« François Hollande a officiellement reconnu mercredi au nom de la République la « sanglante répression » des manifestations d’Algériens le 17 octobre 1961 à Paris, rompant avec un silence de 51 ans de l’Etat sur les événements.
« Le 17 octobre 1961, des Algériens qui manifestaient pour le droit à l’indépendance ont été tués lors d’une sanglante répression. La République reconnaît avec lucidité ces faits. Cinquante et un ans après cette tragédie, je rends hommage à la mémoire des victimes », a déclaré le Président de la République dans un court communiqué. » (AFP)
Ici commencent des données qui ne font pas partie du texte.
lemma fulcrum_deriv_eq_mean:
  assumes "s \<in> fulcrum_domain a"
  shows "(deriv ^^ Suc 0) (fulcrum a) s = mean_f a (exp s)"
proof -
  have "tilted_moment a 0 0 s > 0"
    using psum_exp_pos[OF assms] by (simp add: psum_exp_eq_tilted_moment)
  then have "(fulcrum a has_real_derivative tilted_moment a 0 1 s / tilted_moment a 0 0 s) (at s)"
    unfolding fulcrum_eq
    by (auto intro!: derivative_eq_intros tilted_moment_has_real_derivative[OF assms]
        simp: field_simps)
  then show ?thesis
    by (simp add: DERIV_imp_deriv mean_f_def tilted_moment_def psum_def)
qed

text \<open>Leibniz's rule applied to \<open>tilted_moment a c 1 = (F' - c) \<cdot> tilted_moment a c 0\<close>,
  which holds because \<open>tilted_moment a c 0 = exp (F - c s)\<close>.\<close>

lemma tilted_moment_Suc:
  assumes s: "s \<in> fulcrum_domain a"
  shows "tilted_moment a c (Suc k) s = (\<Sum>i\<le>k. real (k choose i)
    * ((deriv ^^ Suc i) (fulcrum a) s - (if i = 0 then c else 0)) * tilted_moment a c (k - i) s)"
proof -
  define F where "F = fulcrum a"
  define A where "A i y = (deriv ^^ Suc i) F y - (if i = 0 then c else 0)" for i y
  have dA: "(A i has_real_derivative A (Suc i) y) (at y)" if "y \<in> fulcrum_domain a" for i y
    using fulcrum_higher_deriv_has_real_derivative[OF that, of "Suc i"]
    by (auto intro!: derivative_eq_intros simp: A_def[abs_def] F_def)
  have dT: "(tilted_moment a c i has_real_derivative tilted_moment a c (Suc i) y) (at y)"
    if "y \<in> fulcrum_domain a" for i y
    using that by (rule tilted_moment_has_real_derivative)
  have T0: "tilted_moment a c 0 y = exp (F y - c * y)" if "y \<in> fulcrum_domain a" for y
    using psum_exp_pos[OF that]
    by (simp add: tilted_moment_def F_def fulcrum_def psum_def exp_diff exp_minus field_simps)
  have T1: "tilted_moment a c (Suc 0) y = A 0 y * tilted_moment a c 0 y"
    if y: "y \<in> fulcrum_domain a" for y
  proof -
    have "((\<lambda>y. exp (F y - c * y)) has_real_derivative exp (F y - c * y) * A 0 y) (at y)"
      using fulcrum_higher_deriv_has_real_derivative[OF y, of 0]
      by (auto intro!: derivative_eq_intros simp: A_def F_def)
    then have "(tilted_moment a c 0 has_real_derivative exp (F y - c * y) * A 0 y) (at y)"
      by (rule has_field_derivative_transform_within_open[OF _ open_fulcrum_domain y]) (simp add: T0)
    with dT[OF y, of 0] show ?thesis
      by (simp add: DERIV_unique T0[OF y] mult.commute)
  qed
  show ?thesis
    using Leibniz_derivative_sequence[where A = A and B = "tilted_moment a c"
        and C = "\<lambda>j. tilted_moment a c (Suc j)", OF open_fulcrum_domain s dA dT dT T1]
    by (simp add: A_def F_def)
qed

lemma central_moment_Suc:
  assumes s: "s \<in> fulcrum_domain a"
  shows "central_moment a (Suc k) s =
    (\<Sum>i=1..k. real (k choose i) * (deriv ^^ Suc i) (fulcrum a) s * central_moment a (k - i) s)"
proof -
  define m where "m = mean_f a (exp s)"
  define E where "E = exp (- m * s) * psum a (exp s)"
  have "E > 0" using psum_exp_pos[OF s] by (simp add: E_def)
  have T: "tilted_moment a m j s = E * central_moment a j s" for j
    using psum_exp_pos[OF s] by (simp add: tilted_moment_def central_moment_def psum_def m_def E_def)
  have "E * central_moment a (Suc k) s = (\<Sum>i\<le>k. real (k choose i)
      * ((deriv ^^ Suc i) (fulcrum a) s - (if i = 0 then m else 0)) * (E * central_moment a (k - i) s))"
    using tilted_moment_Suc[OF s, of m k] by (simp only: T)
  also have "\<dots> = (\<Sum>i=1..k. real (k choose i)
      * ((deriv ^^ Suc i) (fulcrum a) s - (if i = 0 then m else 0)) * (E * central_moment a (k - i) s))"
    using fulcrum_deriv_eq_mean[OF s] by (simp add: atMost_atLeast0 sum.atLeast_Suc_atMost m_def)
  also have "\<dots> = E * (\<Sum>i=1..k. real (k choose i) * (deriv ^^ Suc i) (fulcrum a) s
      * central_moment a (k - i) s)"
    by (auto simp: sum_distrib_left intro!: sum.cong)
  finally show ?thesis
    using \<open>E > 0\<close> by simp
qed

lemma central_moment_0:
  assumes "s \<in> fulcrum_domain a"
  shows "central_moment a 0 s = 1"
  using psum_exp_pos[OF assms] by (simp add: central_moment_def psum_def)

lemma var_eq_central_moment: "var_f a (exp s) = central_moment a 2 s"
  by (simp add: var_f_def central_moment_def)

lemma fulcrum_deriv2_eq_var:
  "s \<in> fulcrum_domain a \<Longrightarrow> (deriv ^^ 2) (fulcrum a) s = var_f a (exp s)"
  using central_moment_Suc[of s 1] by (simp add: var_eq_central_moment central_moment_0 numeral_2_eq_2)

lemma var_pos:
  assumes s: "s \<in> fulcrum_domain a"
  shows "var_f a (exp s) > 0"
proof -
  define m where "m = mean_f a (exp s)"
  obtain n0 where "n0 > 0" "a n0 \<noteq> 0"
    using classK by (auto simp: classK_def)
  have "ereal (exp s) < conv_radius (\<lambda>n. (real n - m) ^ 2 * a n)"
    using s conv_radius_le_conv_radius_shifted_power[of a m 2]
    by (auto simp: fulcrum_domain_def intro: less_le_trans)
  then have "summable (\<lambda>n. (real n - m) ^ 2 * a n * exp s ^ n)"
    by (intro summable_in_conv_radius) simp
  moreover have "(real n - m) ^ 2 * a n * exp s ^ n \<ge> 0" for n
    using coeff_nonneg[of n] by simp
  moreover obtain i where "(real i - m) ^ 2 * a i * exp s ^ i > 0"
  proof (cases "m = 0")
    case True
    have "a n0 > 0" using coeff_nonneg[of n0] \<open>a n0 \<noteq> 0\<close> by simp
    with True \<open>n0 > 0\<close> that[of n0] show ?thesis by simp
  next
    case False
    with coeff_0_pos that[of 0] show ?thesis by simp
  qed
  ultimately have "(\<Sum>n. (real n - m) ^ 2 * a n * exp s ^ n) > 0"
    by (rule suminf_pos2)
  then show ?thesis
    using psum_exp_pos[OF s] by (simp add: var_f_def m_def)
qed

lemma std_cumulant_eq:
  assumes "s \<in> fulcrum_domain a"
  shows "std_cumulant a j s = (deriv ^^ j) (fulcrum a) s / sqrt (var_f a (exp s)) ^ j"
proof -
  have "sqrt (var_f a (exp s)) ^ j = (var_f a (exp s) powr (1 / 2)) ^ j"
    using var_pos[OF assms] by (simp add: powr_half_sqrt)
  also have "\<dots> = var_f a (exp s) powr (real j / 2)"
    using var_pos[OF assms] by (simp add: powr_power)
  finally have "var_f a (exp s) powr (real j / 2) = sqrt (var_f a (exp s)) ^ j" ..
  then show ?thesis
    by (simp add: std_cumulant_def fulcrum_deriv2_eq_var[OF assms])
qed

lemma std_cumulant_2:
  assumes "s \<in> fulcrum_domain a"
  shows "std_cumulant a 2 s = 1"
  using var_pos[OF assms] by (simp add: std_cumulant_eq[OF assms] fulcrum_deriv2_eq_var[OF assms])

lemma std_moment_0: "s \<in> fulcrum_domain a \<Longrightarrow> std_moment a 0 s = 1"
  by (simp add: std_moment_def central_moment_0)

lemma std_moment_Suc:
  assumes s: "s \<in> fulcrum_domain a"
  shows "std_moment a (Suc k) s =
    (\<Sum>i=1..k. real (k choose i) * std_cumulant a (Suc i) s * std_moment a (k - i) s)"
proof -
  define \<sigma> where "\<sigma> = sqrt (var_f a (exp s))"
  have "\<sigma> > 0" using var_pos[OF s] by (simp add: \<sigma>_def)
  have "std_moment a (Suc k) s = (\<Sum>i=1..k. real (k choose i) * (deriv ^^ Suc i) (fulcrum a) s
      * central_moment a (k - i) s / \<sigma> ^ Suc k)"
    by (simp add: std_moment_def central_moment_Suc[OF s] sum_divide_distrib \<sigma>_def)
  also have "\<dots> = (\<Sum>i=1..k. real (k choose i) * std_cumulant a (Suc i) s * std_moment a (k - i) s)"
  proof (rule sum.cong[OF refl])
    fix i assume "i \<in> {1..k}"
    then have "\<sigma> ^ Suc k = \<sigma> ^ Suc i * \<sigma> ^ (k - i)" by (simp flip: power_add)
    then show "real (k choose i) * (deriv ^^ Suc i) (fulcrum a) s * central_moment a (k - i) s / \<sigma> ^ Suc k
        = real (k choose i) * std_cumulant a (Suc i) s * std_moment a (k - i) s"
      using \<open>\<sigma> > 0\<close> by (simp only:) (simp add: std_moment_def std_cumulant_eq[OF s] flip: \<sigma>_def)
  qed
  finally show ?thesis .
qed

end
theorem regret_bound:
  fixes T :: nat and u :: "nat \<Rightarrow> nat \<Rightarrow> real"
  assumes "T \<ge> 1" and u_nonneg: "\<And>t j. 1 \<le> t \<Longrightarrow> t \<le> T \<Longrightarrow> j < d \<Longrightarrow> 0 \<le> u t j"
  defines "Zmax \<equiv> Max (Z ` {1..T})"
  shows "(\<Sum>t=1..T. norm1 d (u t) * (\<Sum>j<d. p t j * l t j)) - (\<Sum>t=1..T. \<Sum>j<d. u t j * l t j)
         \<le> n_max d T u * ln (real d) / eta
           + n_max d T u * real T * ln C / eta
           + eta / 8 * (\<Sum>t=1..T. norm1 d (u t))
           + m_shift d T u / eta * ln (Zmax / alpha)
           + ((\<Sum>t=2..T. norm1 d (u t)) - m_shift d T u) / eta * ln (1 / (1 - alpha))"
proof -
  define M where "M k = Max ((\<lambda>t. u t k) ` {1..T})" for k
  define L1 where "L1 = ln (1 / (1 - alpha))"
  define G where "G = ln (Zmax / alpha)"
  define R where "R t = (\<Sum>k<d. u t k * (ln (v (t + 1) k) - ln (p t k)))" for t
  have M_ge: "u t k \<le> M k" if "1 \<le> t" "t \<le> T" for t k
    unfolding M_def using that by (intro Max_ge) auto
  have M_nonneg: "0 \<le> M k" if "k < d" for k
    using M_ge[of 1 k] u_nonneg[of 1 k] \<open>T \<ge> 1\<close> that by simp
  have "(\<Sum>t=1..T. norm1 d (u t) * (\<Sum>j<d. p t j * l t j)) - (\<Sum>t=1..T. \<Sum>j<d. u t j * l t j)
      \<le> (\<Sum>t=1..T. R t / eta + eta / 8 * norm1 d (u t))"
    unfolding sum_subtractf[symmetric] R_def
    using round_regret_comparator u_nonneg by (intro sum_mono) auto
  also have "\<dots> = (\<Sum>t=1..T. R t) / eta + eta / 8 * (\<Sum>t=1..T. norm1 d (u t))"
    by (simp add: sum.distrib sum_divide_distrib sum_distrib_left)
  finally have summed: "(\<Sum>t=1..T. norm1 d (u t) * (\<Sum>j<d. p t j * l t j))
        - (\<Sum>t=1..T. \<Sum>j<d. u t j * l t j)
      \<le> (\<Sum>t=1..T. R t) / eta + eta / 8 * (\<Sum>t=1..T. norm1 d (u t))" .
  have "(\<Sum>t=1..T. R t) = (\<Sum>k<d. \<Sum>t=1..T. u t k * (ln (v (t + 1) k) - ln (p t k)))"
    unfolding R_def by (rule sum.swap)
  also have "\<dots> \<le> (\<Sum>k<d. M k * ln (real d) + M k * real T * ln C
       + (\<Sum>t=2..T. min (u t k) (u (t - 1) k) * L1 + max (u t k - u (t - 1) k) 0 * G))"
  proof (intro sum_mono)
    fix k assume "k \<in> {..<d}"
    have "M k * (real T - 1) * ln C \<le> M k * real T * ln C"
      using M_nonneg[of k] \<open>k \<in> {..<d}\<close> C_ge1 by (simp add: mult_right_mono algebra_simps)
    moreover have "Z t \<le> Zmax" if "1 \<le> t" "t \<le> T" for t
      unfolding Zmax_def using that by (intro Max_ge) auto
    ultimately show "(\<Sum>t=1..T. u t k * (ln (v (t + 1) k) - ln (p t k)))
        \<le> M k * ln (real d) + M k * real T * ln C
          + (\<Sum>t=2..T. min (u t k) (u (t - 1) k) * L1 + max (u t k - u (t - 1) k) 0 * G)"
      using expert_bound[OF \<open>T \<ge> 1\<close>, of k "\<lambda>t. u t k" "M k" Zmax] u_nonneg M_ge \<open>k \<in> {..<d}\<close>
      unfolding L1_def G_def by fastforce
  qed
  also have "\<dots> = n_max d T u * ln (real d) + n_max d T u * real T * ln C
       + L1 * (\<Sum>t=2..T. \<Sum>k<d. min (u t k) (u (t - 1) k))
       + G * (\<Sum>t=2..T. \<Sum>k<d. max (u t k - u (t - 1) k) 0)"
    unfolding n_max_def M_def
    by (simp add: sum.distrib sum_distrib_right sum_distrib_left sum.swap[of _ "{2..T}" "{..<d}"]
        algebra_simps)
  also have "(\<Sum>t=2..T. \<Sum>k<d. min (u t k) (u (t - 1) k)) = (\<Sum>t=2..T. norm1 d (u t)) - m_shift d T u"
    unfolding m_shift_def sum_subtractf[symmetric]
    using u_nonneg by (intro sum.cong overlap_eq_norm1_minus_D_TV) auto
  also have "(\<Sum>t=2..T. \<Sum>k<d. max (u t k - u (t - 1) k) 0) = m_shift d T u"
    unfolding m_shift_def D_TV_eq ..
  finally have "(\<Sum>t=1..T. R t) / eta
      \<le> (n_max d T u * ln (real d) + n_max d T u * real T * ln C
          + L1 * ((\<Sum>t=2..T. norm1 d (u t)) - m_shift d T u) + G * m_shift d T u) / eta"
    using eta_pos by (intro divide_right_mono) auto
  also have "\<dots> = n_max d T u * ln (real d) / eta + n_max d T u * real T * ln C / eta
      + m_shift d T u / eta * G + ((\<Sum>t=2..T. norm1 d (u t)) - m_shift d T u) / eta * L1"
    using eta_pos by (simp add: field_simps)
  finally show ?thesis
    using summed unfolding L1_def G_def by linarith
qed
lemma primitive_root_of_unity_power_eq_iff:
  fixes w :: "'a::idom"
  assumes "primitive_root_of_unity M w" and "M > 0"
  shows "w ^ i = w ^ j \<longleftrightarrow> i mod M = j mod M"
proof -
  have "w ^ M = 1"
    using assms(1) unfolding primitive_root_of_unity_def by simp
  then have "w \<noteq> 0"
    using assms(2) by (auto simp: power_0_left)
  have "w ^ i = w ^ j \<longleftrightarrow> i mod M = j mod M" if "i \<le> j" for i j
  proof -
    have "w ^ i = w ^ j \<longleftrightarrow> w ^ i * 1 = w ^ i * w ^ (j - i)"
      using that by (simp flip: power_add)
    also have "\<dots> \<longleftrightarrow> w ^ (j - i) = 1"
      using \<open>w \<noteq> 0\<close> by auto
    also have "\<dots> \<longleftrightarrow> j mod M = i mod M"
      using assms(1) that unfolding primitive_root_of_unity_def by (simp add: mod_eq_dvd_iff_nat)
    finally show ?thesis
      by auto
  qed
  then show ?thesis
    by (metis nat_le_linear)
qed

lemma inj_on_power_primitive_root_of_unity:
  fixes w :: "'a::idom"
  assumes "primitive_root_of_unity M w" and "M > 0"
  shows "inj_on (\<lambda>j. w ^ j) {..<M}"
  using primitive_root_of_unity_power_eq_iff[OF assms] by (auto intro: inj_onI)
A cinq mois de la fin de la guerre d’Algérie, le 17 octobre 1961, Paris a été le lieu d’un des plus grands massacres de gens du peuple de l’histoire contemporaine de l’Europe occidentale. Ce jour-là, des dizaines de milliers d’Algériens manifestent pacifiquement contre le couvre-feu qui les vise depuis le 5 octobre et la répression organisée par le préfet de police de la Seine, Maurice Papon. La réponse policière sera terrible. Des dizaines d’Algériens, peut-être entre 150 et 200, sont exécutés. Certains corps sont retrouvés dans la Seine. Pendant plusieurs décennies, la mémoire de ce épisode majeur de la guerre d’Algérie sera occultée. (Le Monde, 17.10.11)
Le film de Yasmina Adi, Ici on noie les Algériens – 17 octobre 1961, dont nous avions parlé il y a un an [Papalagui, 14/10/11], sort lors de cette commémoration en DVD. Production Shellac.